___ Source material ___
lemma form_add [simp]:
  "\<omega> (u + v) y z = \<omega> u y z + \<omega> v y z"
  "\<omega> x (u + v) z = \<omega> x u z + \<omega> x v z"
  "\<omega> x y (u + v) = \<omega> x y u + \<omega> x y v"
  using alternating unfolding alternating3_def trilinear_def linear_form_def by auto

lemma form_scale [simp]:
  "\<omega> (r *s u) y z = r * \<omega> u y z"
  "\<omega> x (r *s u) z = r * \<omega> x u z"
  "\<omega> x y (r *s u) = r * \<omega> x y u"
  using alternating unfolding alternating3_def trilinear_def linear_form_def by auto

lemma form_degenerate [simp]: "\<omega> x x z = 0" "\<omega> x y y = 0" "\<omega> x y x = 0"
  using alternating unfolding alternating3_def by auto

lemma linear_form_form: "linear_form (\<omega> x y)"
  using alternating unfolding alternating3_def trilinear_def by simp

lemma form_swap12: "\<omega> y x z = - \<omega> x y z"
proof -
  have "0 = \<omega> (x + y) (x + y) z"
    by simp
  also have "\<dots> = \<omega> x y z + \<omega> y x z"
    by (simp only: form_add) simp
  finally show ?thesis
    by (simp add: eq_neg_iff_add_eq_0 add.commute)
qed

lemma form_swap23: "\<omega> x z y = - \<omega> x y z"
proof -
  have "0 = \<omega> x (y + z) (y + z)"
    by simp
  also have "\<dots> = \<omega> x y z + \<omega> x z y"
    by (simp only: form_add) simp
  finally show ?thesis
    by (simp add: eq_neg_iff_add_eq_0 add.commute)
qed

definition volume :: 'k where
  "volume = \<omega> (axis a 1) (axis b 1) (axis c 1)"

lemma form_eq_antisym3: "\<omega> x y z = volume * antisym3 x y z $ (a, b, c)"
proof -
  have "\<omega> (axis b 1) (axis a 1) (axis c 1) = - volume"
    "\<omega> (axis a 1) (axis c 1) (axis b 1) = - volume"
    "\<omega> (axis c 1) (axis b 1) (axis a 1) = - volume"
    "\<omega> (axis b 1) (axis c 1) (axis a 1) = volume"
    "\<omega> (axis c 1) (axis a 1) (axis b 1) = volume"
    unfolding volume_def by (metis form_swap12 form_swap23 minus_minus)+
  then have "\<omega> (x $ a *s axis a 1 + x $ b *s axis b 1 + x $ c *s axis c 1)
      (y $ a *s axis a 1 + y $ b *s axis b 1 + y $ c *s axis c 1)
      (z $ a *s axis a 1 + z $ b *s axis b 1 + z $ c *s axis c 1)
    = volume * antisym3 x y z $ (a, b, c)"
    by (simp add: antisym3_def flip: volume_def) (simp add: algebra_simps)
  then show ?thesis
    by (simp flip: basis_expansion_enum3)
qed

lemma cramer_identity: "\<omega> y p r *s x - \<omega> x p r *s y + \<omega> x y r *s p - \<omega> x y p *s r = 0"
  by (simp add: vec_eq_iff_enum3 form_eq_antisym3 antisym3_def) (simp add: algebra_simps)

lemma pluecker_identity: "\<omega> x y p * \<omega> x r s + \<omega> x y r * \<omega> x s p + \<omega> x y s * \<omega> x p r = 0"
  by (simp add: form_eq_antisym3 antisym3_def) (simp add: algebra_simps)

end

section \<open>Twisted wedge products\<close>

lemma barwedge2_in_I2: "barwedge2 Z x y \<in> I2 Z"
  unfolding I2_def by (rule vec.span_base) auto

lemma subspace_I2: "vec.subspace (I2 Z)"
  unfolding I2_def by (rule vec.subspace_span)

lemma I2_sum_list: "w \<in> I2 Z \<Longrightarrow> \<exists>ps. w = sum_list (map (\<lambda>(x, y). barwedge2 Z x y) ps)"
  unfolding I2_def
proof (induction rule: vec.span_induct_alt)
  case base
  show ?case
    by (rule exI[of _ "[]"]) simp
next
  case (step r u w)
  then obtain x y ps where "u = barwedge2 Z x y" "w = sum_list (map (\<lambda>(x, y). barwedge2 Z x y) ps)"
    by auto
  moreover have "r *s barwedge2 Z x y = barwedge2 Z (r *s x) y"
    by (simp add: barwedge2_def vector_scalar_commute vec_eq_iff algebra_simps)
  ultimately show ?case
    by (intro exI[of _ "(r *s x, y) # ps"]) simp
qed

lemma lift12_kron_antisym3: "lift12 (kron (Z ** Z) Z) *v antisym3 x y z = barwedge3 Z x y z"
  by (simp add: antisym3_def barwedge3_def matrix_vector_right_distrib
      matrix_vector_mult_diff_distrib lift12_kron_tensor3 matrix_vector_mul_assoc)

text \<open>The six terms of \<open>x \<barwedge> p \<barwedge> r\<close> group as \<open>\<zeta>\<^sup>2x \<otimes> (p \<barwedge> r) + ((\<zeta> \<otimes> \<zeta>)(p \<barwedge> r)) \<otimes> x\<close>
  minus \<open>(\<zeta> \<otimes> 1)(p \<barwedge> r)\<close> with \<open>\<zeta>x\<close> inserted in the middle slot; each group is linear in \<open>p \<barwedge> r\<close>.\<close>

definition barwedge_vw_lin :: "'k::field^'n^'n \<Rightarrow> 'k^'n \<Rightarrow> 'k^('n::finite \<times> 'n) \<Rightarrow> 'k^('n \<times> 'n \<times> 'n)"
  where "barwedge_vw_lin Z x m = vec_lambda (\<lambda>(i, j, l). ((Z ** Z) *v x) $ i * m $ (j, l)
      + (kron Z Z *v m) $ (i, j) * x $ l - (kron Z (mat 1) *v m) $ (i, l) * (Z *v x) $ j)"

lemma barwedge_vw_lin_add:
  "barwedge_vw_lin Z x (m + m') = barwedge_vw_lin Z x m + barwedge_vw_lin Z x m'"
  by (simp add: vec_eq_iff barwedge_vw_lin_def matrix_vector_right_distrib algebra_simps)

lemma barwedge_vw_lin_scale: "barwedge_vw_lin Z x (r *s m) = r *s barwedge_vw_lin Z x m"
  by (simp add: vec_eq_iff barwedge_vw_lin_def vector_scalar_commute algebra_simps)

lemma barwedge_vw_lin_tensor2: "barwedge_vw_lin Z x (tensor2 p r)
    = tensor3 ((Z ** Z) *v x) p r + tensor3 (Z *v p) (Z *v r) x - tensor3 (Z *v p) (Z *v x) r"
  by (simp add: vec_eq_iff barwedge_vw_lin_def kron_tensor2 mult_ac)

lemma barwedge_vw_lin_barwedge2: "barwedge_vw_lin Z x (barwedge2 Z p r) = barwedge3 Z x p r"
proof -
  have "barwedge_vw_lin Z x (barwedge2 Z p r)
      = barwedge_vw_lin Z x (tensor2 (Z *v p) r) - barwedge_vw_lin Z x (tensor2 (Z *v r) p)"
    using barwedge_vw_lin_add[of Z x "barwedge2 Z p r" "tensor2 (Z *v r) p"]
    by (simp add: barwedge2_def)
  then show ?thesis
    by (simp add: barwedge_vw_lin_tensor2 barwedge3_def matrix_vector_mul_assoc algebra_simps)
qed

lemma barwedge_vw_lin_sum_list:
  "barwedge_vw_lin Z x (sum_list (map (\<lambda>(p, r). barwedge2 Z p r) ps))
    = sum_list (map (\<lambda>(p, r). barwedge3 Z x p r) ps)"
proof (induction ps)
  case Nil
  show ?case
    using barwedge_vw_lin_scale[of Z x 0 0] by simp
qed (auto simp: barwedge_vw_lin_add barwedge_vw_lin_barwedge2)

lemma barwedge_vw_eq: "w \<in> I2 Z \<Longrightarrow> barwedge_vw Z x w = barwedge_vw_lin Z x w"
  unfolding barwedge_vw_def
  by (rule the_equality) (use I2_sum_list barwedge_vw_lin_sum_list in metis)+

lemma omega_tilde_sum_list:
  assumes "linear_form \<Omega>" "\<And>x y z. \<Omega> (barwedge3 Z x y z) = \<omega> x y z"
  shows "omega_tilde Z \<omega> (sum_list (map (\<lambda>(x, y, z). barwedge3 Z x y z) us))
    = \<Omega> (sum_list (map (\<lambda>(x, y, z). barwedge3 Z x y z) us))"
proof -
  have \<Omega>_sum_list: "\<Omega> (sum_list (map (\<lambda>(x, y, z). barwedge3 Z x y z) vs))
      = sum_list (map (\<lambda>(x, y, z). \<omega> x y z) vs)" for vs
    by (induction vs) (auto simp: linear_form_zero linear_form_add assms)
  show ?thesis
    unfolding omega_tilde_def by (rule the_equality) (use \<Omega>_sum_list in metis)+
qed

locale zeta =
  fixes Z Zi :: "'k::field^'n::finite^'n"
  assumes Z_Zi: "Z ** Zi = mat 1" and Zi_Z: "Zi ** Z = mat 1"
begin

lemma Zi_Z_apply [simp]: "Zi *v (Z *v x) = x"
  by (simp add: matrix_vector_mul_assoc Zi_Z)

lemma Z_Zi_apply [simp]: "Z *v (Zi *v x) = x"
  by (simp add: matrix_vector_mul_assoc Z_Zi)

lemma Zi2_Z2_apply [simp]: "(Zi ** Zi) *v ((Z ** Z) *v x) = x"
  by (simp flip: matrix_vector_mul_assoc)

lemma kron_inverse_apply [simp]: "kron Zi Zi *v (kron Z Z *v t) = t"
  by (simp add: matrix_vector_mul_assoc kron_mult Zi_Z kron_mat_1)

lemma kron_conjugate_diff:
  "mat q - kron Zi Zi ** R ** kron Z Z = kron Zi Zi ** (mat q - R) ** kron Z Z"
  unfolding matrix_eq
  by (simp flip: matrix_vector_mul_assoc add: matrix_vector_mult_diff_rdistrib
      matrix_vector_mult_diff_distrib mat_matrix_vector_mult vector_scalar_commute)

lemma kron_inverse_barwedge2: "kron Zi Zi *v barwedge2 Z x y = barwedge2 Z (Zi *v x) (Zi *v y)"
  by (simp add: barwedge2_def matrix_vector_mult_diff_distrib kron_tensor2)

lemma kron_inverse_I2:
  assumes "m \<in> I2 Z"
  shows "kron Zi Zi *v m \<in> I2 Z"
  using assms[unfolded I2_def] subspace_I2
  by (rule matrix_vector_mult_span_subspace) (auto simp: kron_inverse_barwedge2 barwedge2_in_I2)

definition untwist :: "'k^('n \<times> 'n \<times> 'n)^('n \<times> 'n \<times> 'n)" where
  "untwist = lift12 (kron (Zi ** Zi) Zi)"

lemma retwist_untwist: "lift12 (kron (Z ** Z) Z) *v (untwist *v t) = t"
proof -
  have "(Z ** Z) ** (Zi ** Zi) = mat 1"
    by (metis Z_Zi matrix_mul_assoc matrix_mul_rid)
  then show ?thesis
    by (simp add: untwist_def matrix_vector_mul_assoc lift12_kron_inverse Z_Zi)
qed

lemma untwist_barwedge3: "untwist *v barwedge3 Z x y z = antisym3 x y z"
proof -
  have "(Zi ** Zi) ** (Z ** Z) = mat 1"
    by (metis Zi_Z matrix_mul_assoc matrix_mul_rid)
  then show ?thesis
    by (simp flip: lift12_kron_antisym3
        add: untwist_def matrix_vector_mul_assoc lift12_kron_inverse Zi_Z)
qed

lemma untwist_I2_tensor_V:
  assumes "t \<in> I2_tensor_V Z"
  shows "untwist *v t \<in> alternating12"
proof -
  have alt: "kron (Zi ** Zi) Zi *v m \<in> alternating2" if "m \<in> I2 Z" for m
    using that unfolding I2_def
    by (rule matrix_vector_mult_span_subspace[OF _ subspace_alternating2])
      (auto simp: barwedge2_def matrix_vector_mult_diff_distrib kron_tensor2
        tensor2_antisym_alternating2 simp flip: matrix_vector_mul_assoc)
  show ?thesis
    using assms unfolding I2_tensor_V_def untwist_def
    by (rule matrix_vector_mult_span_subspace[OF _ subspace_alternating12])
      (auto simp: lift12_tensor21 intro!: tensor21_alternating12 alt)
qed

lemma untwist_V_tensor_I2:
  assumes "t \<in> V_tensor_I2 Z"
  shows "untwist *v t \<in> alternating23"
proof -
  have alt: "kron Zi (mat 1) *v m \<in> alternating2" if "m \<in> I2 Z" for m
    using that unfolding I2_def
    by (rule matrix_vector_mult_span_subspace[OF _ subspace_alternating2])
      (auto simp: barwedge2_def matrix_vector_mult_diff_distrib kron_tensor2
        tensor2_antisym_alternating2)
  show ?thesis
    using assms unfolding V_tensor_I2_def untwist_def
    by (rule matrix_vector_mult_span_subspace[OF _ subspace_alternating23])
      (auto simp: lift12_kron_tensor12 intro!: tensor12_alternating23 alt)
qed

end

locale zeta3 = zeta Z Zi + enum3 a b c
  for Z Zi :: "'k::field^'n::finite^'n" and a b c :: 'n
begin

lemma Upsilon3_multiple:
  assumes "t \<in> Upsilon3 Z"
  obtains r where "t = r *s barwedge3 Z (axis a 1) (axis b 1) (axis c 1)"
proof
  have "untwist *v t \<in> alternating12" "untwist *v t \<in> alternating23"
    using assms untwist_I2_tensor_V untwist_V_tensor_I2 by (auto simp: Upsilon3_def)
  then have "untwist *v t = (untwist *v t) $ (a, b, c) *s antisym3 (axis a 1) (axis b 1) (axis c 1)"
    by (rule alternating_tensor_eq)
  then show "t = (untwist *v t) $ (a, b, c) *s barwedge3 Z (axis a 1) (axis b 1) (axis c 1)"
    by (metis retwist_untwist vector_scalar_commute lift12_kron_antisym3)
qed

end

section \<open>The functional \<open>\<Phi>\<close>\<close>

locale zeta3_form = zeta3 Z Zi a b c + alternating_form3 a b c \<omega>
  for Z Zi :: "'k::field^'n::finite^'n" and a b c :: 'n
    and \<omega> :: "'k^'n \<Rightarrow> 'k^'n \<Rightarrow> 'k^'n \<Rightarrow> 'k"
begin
___
___ Source material ___
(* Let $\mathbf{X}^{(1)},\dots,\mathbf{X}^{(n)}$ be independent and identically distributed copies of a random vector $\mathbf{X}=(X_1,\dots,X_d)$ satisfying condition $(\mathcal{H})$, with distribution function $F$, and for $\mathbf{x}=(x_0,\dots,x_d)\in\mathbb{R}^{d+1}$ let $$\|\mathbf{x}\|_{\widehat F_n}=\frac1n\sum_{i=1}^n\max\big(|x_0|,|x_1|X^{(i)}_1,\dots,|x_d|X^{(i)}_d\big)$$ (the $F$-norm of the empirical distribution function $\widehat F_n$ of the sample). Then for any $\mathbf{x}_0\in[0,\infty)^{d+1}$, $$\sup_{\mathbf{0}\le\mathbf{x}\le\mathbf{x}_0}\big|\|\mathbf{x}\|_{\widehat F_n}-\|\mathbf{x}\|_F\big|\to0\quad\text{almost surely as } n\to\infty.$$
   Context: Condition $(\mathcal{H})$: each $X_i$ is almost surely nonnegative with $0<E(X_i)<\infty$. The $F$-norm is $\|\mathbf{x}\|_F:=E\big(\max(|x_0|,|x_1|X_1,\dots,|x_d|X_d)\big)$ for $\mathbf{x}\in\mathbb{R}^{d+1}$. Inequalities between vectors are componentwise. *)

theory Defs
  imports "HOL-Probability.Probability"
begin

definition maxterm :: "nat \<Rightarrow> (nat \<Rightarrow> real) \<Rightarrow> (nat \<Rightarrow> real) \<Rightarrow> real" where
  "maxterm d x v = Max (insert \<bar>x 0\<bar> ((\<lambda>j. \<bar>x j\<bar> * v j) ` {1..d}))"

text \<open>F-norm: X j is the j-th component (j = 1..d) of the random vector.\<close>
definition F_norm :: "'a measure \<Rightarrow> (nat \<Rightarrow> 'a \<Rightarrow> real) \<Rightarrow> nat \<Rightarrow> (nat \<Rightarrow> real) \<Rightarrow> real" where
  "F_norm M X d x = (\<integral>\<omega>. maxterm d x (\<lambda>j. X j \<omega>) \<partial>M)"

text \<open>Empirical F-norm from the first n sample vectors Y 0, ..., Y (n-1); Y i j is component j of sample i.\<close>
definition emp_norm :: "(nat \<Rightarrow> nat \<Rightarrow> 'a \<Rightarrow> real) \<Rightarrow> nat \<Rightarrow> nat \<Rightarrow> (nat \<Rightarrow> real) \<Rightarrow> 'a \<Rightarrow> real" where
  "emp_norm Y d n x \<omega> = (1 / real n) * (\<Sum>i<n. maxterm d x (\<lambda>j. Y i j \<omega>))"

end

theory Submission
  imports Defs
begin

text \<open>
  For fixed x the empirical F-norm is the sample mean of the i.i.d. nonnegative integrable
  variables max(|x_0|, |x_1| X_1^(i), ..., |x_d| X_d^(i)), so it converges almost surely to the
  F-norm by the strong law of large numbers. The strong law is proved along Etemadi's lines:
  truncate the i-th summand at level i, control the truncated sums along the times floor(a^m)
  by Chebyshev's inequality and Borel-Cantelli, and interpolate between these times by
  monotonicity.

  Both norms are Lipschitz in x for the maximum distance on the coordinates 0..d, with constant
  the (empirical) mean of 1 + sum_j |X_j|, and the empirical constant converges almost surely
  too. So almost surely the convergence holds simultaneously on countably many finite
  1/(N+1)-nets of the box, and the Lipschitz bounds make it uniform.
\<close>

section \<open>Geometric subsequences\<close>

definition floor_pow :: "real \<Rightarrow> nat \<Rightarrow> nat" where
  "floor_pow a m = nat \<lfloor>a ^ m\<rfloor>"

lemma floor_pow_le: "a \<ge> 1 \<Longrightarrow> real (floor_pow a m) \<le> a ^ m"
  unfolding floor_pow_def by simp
___
___ Source material ___
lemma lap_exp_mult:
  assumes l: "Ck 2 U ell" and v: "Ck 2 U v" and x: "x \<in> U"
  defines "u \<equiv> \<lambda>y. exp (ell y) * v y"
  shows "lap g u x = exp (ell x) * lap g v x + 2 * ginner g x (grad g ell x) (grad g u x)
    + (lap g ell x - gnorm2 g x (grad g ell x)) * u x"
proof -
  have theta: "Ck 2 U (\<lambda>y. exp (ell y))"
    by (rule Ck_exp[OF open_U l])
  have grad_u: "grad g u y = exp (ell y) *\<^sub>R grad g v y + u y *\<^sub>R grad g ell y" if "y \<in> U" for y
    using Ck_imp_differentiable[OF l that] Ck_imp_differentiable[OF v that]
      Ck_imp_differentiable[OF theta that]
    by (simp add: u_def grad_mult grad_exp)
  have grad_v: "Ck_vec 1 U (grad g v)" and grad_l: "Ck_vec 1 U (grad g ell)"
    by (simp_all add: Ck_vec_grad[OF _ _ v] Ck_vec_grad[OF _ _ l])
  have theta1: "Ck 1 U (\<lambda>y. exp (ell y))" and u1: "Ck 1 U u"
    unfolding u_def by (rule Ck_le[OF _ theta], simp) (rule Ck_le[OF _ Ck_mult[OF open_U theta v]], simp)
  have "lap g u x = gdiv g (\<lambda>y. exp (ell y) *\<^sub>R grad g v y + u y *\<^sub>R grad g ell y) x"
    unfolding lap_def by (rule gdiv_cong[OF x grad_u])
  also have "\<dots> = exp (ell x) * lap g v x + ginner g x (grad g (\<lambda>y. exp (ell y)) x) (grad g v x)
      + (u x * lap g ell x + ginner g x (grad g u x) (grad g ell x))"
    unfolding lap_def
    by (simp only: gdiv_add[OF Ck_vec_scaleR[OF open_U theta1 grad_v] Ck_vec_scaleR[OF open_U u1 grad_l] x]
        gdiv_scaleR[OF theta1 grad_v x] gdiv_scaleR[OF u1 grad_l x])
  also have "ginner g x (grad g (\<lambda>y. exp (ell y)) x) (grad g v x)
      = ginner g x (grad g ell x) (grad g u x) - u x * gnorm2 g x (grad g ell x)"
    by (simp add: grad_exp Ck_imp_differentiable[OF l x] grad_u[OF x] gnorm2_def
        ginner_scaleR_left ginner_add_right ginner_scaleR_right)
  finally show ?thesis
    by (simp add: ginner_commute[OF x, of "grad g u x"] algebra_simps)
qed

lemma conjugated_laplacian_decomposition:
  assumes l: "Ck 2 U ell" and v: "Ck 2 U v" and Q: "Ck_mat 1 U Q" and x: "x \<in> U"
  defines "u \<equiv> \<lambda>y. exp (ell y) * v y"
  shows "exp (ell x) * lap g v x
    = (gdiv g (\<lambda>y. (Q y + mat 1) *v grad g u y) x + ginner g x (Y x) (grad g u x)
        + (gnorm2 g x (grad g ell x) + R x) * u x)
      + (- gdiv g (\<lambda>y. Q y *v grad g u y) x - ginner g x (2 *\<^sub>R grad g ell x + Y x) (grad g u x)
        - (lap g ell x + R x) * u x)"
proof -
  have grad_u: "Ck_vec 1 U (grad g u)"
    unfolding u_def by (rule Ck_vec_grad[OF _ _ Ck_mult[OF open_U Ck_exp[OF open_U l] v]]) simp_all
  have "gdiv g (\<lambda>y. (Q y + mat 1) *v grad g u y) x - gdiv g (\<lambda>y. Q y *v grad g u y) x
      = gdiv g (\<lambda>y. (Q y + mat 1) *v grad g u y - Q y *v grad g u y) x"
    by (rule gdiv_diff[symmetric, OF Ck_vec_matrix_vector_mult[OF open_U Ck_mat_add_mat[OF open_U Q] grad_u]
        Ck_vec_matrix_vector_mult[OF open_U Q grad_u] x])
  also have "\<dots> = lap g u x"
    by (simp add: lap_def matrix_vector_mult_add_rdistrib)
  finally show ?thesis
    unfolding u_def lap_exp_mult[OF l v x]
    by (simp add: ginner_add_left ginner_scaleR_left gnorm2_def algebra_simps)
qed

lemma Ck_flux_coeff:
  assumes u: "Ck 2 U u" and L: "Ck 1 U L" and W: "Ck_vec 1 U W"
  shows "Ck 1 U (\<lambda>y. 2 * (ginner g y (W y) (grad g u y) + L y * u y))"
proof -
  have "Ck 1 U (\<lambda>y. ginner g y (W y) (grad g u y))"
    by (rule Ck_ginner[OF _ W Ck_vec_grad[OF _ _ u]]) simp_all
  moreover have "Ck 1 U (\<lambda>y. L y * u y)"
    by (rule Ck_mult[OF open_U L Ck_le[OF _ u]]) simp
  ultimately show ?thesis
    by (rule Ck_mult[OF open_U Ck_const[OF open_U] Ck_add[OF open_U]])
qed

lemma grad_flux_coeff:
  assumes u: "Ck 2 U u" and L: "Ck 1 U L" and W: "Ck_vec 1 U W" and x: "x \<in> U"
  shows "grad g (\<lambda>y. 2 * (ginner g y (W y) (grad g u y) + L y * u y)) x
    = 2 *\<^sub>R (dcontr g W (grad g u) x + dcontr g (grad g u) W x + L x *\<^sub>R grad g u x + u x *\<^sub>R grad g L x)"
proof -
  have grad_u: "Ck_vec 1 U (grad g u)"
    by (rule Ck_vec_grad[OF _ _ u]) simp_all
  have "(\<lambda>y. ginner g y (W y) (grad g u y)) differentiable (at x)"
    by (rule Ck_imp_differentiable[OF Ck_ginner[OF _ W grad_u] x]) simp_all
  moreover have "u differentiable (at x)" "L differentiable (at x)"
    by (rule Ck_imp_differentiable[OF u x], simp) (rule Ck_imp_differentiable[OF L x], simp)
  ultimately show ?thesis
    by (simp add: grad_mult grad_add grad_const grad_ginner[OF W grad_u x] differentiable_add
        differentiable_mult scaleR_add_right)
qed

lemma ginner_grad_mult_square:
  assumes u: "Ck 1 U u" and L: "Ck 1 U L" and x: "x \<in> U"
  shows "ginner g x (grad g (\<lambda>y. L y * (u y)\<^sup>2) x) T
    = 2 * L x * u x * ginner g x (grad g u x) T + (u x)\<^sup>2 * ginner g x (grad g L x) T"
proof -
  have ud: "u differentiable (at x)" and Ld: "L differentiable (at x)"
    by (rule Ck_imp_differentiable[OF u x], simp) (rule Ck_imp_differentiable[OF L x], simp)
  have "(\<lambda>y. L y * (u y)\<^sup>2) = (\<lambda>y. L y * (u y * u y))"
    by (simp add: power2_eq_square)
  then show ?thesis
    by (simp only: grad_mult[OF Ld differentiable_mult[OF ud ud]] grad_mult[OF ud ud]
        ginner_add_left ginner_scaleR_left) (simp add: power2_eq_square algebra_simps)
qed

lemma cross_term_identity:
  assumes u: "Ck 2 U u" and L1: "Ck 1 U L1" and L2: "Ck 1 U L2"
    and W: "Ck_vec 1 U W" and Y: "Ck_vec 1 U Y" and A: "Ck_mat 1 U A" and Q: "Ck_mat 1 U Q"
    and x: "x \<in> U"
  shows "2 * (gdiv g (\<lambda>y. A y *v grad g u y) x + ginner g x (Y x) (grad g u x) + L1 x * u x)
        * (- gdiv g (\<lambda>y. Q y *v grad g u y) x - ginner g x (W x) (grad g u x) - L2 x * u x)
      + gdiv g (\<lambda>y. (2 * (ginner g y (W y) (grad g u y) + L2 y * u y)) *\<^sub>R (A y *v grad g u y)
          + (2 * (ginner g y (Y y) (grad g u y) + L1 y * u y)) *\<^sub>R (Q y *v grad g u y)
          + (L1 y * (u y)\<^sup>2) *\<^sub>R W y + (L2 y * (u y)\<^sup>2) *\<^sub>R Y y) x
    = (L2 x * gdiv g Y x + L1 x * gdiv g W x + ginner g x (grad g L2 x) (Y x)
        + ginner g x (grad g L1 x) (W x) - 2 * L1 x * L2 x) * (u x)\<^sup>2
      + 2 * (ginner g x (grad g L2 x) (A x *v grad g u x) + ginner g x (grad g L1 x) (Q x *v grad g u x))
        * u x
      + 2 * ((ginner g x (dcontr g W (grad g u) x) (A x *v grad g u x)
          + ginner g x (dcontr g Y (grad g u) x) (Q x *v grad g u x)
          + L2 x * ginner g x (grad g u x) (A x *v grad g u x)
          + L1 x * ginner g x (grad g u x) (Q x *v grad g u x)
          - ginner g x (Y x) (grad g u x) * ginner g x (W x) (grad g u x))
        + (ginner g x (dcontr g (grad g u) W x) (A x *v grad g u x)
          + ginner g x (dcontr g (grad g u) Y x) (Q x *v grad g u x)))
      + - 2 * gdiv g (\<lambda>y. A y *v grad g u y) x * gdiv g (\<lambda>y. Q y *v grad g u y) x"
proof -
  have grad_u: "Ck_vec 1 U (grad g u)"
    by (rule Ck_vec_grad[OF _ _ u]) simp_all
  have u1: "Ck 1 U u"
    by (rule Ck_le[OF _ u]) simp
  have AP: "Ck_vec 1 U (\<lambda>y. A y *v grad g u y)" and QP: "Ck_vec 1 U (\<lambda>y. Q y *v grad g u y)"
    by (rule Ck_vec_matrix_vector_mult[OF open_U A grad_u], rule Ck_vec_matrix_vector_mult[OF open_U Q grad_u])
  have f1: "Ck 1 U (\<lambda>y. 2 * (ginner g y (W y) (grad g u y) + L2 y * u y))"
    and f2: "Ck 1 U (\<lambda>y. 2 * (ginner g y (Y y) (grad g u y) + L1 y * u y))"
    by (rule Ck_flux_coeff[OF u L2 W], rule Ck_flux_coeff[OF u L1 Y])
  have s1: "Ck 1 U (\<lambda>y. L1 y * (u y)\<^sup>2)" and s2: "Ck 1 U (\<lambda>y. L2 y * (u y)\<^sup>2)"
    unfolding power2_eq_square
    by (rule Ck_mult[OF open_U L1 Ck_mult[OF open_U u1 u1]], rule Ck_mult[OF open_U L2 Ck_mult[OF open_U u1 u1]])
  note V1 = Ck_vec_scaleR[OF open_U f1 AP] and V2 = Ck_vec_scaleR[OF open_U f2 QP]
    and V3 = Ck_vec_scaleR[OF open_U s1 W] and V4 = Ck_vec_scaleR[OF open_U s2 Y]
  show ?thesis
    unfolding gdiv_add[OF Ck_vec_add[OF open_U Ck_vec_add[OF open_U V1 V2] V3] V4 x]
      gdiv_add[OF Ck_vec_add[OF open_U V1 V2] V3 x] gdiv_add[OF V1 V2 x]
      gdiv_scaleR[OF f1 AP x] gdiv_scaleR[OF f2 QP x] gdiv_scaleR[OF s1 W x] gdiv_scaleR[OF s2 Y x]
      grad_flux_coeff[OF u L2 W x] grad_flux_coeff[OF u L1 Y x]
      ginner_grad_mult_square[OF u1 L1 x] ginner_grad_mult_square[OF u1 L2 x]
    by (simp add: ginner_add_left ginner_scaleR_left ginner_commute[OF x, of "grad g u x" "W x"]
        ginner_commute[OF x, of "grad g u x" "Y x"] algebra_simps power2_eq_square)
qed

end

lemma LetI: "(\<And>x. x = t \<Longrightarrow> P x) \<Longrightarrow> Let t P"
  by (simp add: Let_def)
___
● **Aim of the task**
Looking back over the data above, restate word for word the lines that begin at the line with "by (simp add: matrix_vector_mul_assoc Z_Zi)" and end at the line with "by (rule matrix_vector_mult_span_subspace)", inclusive.

● **Written answer**
  by (simp add: matrix_vector_mul_assoc Z_Zi)

lemma Zi2_Z2_apply [simp]: "(Zi ** Zi) *v ((Z ** Z) *v x) = x"
  by (simp flip: matrix_vector_mul_assoc)

lemma kron_inverse_apply [simp]: "kron Zi Zi *v (kron Z Z *v t) = t"
  by (simp add: matrix_vector_mul_assoc kron_mult Zi_Z kron_mat_1)

lemma kron_conjugate_diff:
  "mat q - kron Zi Zi ** R ** kron Z Z = kron Zi Zi ** (mat q - R) ** kron Z Z"
  unfolding matrix_eq
  by (simp flip: matrix_vector_mul_assoc add: matrix_vector_mult_diff_rdistrib
      matrix_vector_mult_diff_distrib mat_matrix_vector_mult vector_scalar_commute)

lemma kron_inverse_barwedge2: "kron Zi Zi *v barwedge2 Z x y = barwedge2 Z (Zi *v x) (Zi *v y)"
  by (simp add: barwedge2_def matrix_vector_mult_diff_distrib kron_tensor2)

lemma kron_inverse_I2:
  assumes "m \<in> I2 Z"
  shows "kron Zi Zi *v m \<in> I2 Z"
  using assms[unfolded I2_def] subspace_I2
  by (rule matrix_vector_mult_span_subspace) (auto simp: kron_inverse_barwedge2 barwedge2_in_I2)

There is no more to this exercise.